The attorney general is now bringing another suit against Amazon, seeking civil penalties for violating consumer protection statutes. The AG is citing last year’s settlement as proof that Amazon is using deceptive and illegal practices to increase profits, but Amazon considers the matter closed due to the settlement.
The FTC found Amazon was keeping driver tips from late 2016 through late 2019, and the D.C. attorney general says Amazon has “escaped appropriate accountability” so far, according to Reuters. The AG went on to say:
When a company is caught stealing from its workers, it is not enough for the company to repay the amount stolen. Stealing from workers is theft, and significant penalties are necessary to strongly disincentivize this unlawful conduct.
Bloomberg notes the same attorney general sued Amazon last year for engaging in anticompetitive practices, which he claimed ultimately drove up prices for consumers, but a judge threw out the case for lack of evidence. The AG could be trying to revive the case with this latest legal challenge, as Bloomberg suggests.
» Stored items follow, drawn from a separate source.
lemma quadratic_roots_Re_pos:
  fixes z y :: real
  assumes z: "z > 0" and y: "y > 0"
  obtains r1 r2 where "r1 + r2 = complex_of_real z" "r1 * r2 = complex_of_real y"
    "Re r1 > 0" "Re r2 > 0"
proof -
  define w where "w = csqrt (complex_of_real (z^2 - 4 * y))"
  have w2: "w^2 = complex_of_real (z^2 - 4 * y)"
    unfolding w_def by simp
  have "\<bar>Re w\<bar> < z"
  proof (cases "Im w = 0")
    case True
    then have "(Re w)^2 = z^2 - 4 * y"
      using arg_cong[OF w2, of Re] by (simp add: Re_power2)
    then have "\<bar>Re w\<bar>^2 < z^2"
      using y by simp
    then show ?thesis
      using power2_less_imp_less z by fastforce
  next
    case False
    then have "Re w = 0"
      using arg_cong[OF w2, of Im] by (simp add: Im_power2)
    then show ?thesis
      using z by simp
  qed
  moreover have "(complex_of_real z + w) / 2 * ((complex_of_real z - w) / 2) = complex_of_real y"
    using w2 by (simp add: field_simps power2_eq_square)
  ultimately show ?thesis
    by (intro that[of "(complex_of_real z + w) / 2" "(complex_of_real z - w) / 2"]) (auto simp: field_simps)
qed

lemma mult_mat_vec_quadratic_factor:
  fixes T :: "'a :: comm_ring mat"
  assumes T: "T \<in> carrier_mat m m" and u: "u \<in> carrier_vec m"
  shows "T *\<^sub>v (T *\<^sub>v u - b \<cdot>\<^sub>v u) - a \<cdot>\<^sub>v (T *\<^sub>v u - b \<cdot>\<^sub>v u)
    = T *\<^sub>v (T *\<^sub>v u) - (a + b) \<cdot>\<^sub>v (T *\<^sub>v u) + (a * b) \<cdot>\<^sub>v u"
proof -
  have "T *\<^sub>v (T *\<^sub>v u - b \<cdot>\<^sub>v u) = T *\<^sub>v (T *\<^sub>v u) - b \<cdot>\<^sub>v (T *\<^sub>v u)"
    using T u by (subst mult_minus_distrib_mat_vec[OF T]) (auto simp: mult_mat_vec)
  then show ?thesis
    using T u by (intro eq_vecI) (auto simp: algebra_simps)
qed

text \<open>The roots \<open>r\<^sub>1, r\<^sub>2\<close> of \<open>s\<^sup>2 - z s + y\<close> have positive real part, so neither factor of
  \<open>(T - r\<^sub>1) (T - r\<^sub>2) u = 0\<close> can vanish nontrivially for a Hurwitz \<open>T\<close>.\<close>

lemma hurwitz_quadratic_kernel:
  fixes T :: "complex mat"
  assumes T: "T \<in> carrier_mat m m" and hurwitz: "\<And>\<rho>. eigenvalue T \<rho> \<Longrightarrow> Re \<rho> < 0"
    and "z > 0" "y > 0" and u: "u \<in> carrier_vec m"
    and H: "T *\<^sub>v (T *\<^sub>v u) - complex_of_real z \<cdot>\<^sub>v (T *\<^sub>v u) + complex_of_real y \<cdot>\<^sub>v u = 0\<^sub>v m"
  shows "u = 0\<^sub>v m"
proof -
  obtain r1 r2 where r: "r1 + r2 = complex_of_real z" "r1 * r2 = complex_of_real y"
    "Re r1 > 0" "Re r2 > 0"
    using quadratic_roots_Re_pos[OF \<open>z > 0\<close> \<open>y > 0\<close>] by blast
  have no_eigenvector: "w = 0\<^sub>v m" if "w \<in> carrier_vec m" "T *\<^sub>v w = r \<cdot>\<^sub>v w" "Re r > 0" for w r
    using hurwitz[of r] that T unfolding eigenvalue_def eigenvector_def by force
  define u' where "u' = T *\<^sub>v u - r2 \<cdot>\<^sub>v u"
  have u': "u' \<in> carrier_vec m"
    unfolding u'_def using T u by auto
  have "T *\<^sub>v u' - r1 \<cdot>\<^sub>v u' = 0\<^sub>v m"
    unfolding u'_def mult_mat_vec_quadratic_factor[OF T u] r(1,2) by (rule H)
  then have "T *\<^sub>v u' = r1 \<cdot>\<^sub>v u'"
    using T u' by (auto simp: vec_eq_iff)
  then have "u' = 0\<^sub>v m"
    using no_eigenvector[OF u'] r(3) by blast
  then have "T *\<^sub>v u = r2 \<cdot>\<^sub>v u"
    using T u unfolding u'_def by (auto simp: vec_eq_iff)
  then show ?thesis
    using no_eigenvector[OF u] r(4) by blast
qed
But the allegations against Amazon and the subsequent settlement is telling. In other words, Amazon could very well be guilty of one of the most distasteful practices in the “gig economy” whereby businesses take tips and use them to subsidize their payroll.
The difference, in this case, is that Amazon is not a small business, nor a local restaurant struggling to stay afloat; Amazon is the biggest online retailer in the world, owned by one of the richest people in the world, Jeff Bezos. It stands to reason that Amazon can afford to pay its delivery drivers without having to take their tips.